-- DATA TO PROCESS --
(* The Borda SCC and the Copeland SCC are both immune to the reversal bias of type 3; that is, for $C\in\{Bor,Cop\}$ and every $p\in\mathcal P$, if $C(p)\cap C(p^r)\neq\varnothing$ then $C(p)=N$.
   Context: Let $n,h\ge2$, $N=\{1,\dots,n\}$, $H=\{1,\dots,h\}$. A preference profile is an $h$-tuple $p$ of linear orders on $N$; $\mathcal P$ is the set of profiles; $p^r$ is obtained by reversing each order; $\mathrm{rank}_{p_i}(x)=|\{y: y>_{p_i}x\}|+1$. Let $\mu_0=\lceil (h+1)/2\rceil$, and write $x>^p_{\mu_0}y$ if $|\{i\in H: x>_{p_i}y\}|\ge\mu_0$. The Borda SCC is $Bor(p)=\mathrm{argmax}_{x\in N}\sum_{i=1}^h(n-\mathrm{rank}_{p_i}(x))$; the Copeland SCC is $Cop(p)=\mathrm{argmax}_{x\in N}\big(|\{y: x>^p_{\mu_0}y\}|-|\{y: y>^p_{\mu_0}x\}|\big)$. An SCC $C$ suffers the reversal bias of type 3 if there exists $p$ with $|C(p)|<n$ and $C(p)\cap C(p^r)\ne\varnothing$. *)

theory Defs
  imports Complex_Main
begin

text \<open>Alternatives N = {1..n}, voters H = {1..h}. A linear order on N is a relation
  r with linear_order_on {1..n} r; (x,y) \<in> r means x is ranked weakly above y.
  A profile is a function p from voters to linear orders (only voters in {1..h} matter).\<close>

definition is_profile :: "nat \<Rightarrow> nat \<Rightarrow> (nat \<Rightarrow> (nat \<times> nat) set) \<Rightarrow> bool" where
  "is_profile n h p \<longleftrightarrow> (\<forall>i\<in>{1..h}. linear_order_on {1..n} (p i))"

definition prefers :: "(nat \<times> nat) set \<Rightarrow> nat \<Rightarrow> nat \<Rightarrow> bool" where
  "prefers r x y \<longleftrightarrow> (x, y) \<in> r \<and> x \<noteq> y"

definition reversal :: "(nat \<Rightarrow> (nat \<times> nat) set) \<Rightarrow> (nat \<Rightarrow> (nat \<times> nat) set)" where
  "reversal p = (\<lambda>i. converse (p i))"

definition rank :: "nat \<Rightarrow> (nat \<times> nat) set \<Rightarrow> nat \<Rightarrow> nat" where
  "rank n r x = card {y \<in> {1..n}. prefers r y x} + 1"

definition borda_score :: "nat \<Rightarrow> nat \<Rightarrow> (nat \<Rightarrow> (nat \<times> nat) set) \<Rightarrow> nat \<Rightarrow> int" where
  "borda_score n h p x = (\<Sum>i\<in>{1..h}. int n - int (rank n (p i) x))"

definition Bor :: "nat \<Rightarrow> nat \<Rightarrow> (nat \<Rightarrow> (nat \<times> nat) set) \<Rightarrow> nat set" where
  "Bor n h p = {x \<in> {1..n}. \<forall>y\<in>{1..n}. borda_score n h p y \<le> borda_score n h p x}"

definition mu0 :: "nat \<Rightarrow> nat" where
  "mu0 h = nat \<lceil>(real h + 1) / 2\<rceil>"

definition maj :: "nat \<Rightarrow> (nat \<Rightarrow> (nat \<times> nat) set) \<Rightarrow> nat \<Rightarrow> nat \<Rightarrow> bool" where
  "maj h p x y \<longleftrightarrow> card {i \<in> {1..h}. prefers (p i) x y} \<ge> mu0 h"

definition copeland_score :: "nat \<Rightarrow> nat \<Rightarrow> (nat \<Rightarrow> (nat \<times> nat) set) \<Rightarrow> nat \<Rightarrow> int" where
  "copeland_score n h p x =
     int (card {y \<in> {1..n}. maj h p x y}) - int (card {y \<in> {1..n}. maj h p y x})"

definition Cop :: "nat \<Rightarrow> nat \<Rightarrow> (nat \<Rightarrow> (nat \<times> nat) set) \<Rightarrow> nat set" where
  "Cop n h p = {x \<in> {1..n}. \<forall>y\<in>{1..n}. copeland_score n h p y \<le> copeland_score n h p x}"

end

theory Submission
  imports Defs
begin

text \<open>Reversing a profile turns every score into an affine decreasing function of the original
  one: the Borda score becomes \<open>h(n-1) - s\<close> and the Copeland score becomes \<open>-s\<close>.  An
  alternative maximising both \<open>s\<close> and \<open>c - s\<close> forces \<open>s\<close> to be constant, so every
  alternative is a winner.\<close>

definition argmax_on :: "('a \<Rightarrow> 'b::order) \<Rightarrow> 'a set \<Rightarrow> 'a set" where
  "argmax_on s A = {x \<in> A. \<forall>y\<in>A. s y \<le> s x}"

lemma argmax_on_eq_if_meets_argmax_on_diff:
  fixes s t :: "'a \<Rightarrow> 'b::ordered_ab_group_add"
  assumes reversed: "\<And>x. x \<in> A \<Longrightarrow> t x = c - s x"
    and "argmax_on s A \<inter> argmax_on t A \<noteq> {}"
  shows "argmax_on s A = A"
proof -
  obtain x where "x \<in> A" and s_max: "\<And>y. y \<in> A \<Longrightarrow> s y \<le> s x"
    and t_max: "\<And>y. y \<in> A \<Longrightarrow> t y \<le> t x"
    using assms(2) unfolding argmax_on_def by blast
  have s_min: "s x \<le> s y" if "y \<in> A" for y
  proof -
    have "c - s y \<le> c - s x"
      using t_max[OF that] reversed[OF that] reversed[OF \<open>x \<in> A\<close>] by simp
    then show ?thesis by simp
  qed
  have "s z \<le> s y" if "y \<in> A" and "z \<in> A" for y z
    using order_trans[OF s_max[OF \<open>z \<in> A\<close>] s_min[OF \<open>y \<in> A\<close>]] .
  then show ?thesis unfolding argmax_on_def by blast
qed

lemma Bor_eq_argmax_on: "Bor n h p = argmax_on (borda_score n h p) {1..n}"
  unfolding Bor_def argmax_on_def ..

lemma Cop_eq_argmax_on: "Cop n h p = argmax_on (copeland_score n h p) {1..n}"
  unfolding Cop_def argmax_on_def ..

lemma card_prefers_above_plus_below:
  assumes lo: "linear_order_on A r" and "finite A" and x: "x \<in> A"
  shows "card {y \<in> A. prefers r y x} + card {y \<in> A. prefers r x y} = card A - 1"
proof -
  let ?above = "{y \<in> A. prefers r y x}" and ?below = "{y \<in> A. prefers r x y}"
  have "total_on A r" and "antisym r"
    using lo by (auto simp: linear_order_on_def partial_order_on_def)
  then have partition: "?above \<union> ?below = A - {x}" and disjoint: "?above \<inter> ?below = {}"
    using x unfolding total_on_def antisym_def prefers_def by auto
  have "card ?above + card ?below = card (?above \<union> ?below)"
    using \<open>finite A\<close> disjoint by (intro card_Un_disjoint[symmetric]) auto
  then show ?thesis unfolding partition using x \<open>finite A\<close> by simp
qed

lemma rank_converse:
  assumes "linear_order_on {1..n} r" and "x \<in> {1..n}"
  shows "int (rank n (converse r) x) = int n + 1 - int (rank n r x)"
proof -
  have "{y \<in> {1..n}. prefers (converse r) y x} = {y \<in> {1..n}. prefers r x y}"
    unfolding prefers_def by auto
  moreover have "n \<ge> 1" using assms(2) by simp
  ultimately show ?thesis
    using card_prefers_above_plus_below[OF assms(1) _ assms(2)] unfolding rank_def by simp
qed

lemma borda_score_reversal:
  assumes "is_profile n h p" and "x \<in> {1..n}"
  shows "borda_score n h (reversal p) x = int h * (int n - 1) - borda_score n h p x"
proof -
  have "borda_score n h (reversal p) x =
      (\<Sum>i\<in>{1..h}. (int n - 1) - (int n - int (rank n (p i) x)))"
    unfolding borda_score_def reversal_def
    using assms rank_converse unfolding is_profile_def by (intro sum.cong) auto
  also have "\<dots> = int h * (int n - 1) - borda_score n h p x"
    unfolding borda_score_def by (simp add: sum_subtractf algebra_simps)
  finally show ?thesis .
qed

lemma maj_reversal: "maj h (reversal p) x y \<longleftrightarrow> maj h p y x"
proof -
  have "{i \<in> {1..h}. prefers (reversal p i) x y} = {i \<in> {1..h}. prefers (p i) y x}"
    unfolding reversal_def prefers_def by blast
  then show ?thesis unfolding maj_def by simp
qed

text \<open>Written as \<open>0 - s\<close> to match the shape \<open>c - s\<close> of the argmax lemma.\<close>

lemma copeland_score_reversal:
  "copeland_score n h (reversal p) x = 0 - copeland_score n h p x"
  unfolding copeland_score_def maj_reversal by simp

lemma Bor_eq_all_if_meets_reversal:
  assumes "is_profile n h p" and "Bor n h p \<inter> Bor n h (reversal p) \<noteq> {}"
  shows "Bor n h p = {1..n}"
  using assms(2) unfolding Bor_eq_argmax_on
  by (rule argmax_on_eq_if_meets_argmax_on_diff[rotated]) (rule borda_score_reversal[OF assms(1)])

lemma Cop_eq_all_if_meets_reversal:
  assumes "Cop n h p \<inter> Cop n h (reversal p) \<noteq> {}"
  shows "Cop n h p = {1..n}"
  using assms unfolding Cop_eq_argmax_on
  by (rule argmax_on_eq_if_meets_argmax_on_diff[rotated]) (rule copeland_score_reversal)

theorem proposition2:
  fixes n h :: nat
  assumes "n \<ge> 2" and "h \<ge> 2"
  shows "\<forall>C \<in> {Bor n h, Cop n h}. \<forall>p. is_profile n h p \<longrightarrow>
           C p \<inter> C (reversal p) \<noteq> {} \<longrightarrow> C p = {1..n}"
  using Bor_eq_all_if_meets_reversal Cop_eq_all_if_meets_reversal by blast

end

-- WHAT YOU HAVE TO DO --
Within the data above, how many lines contain the word "fixes"? Write only the number.

-- RESPONSE --
2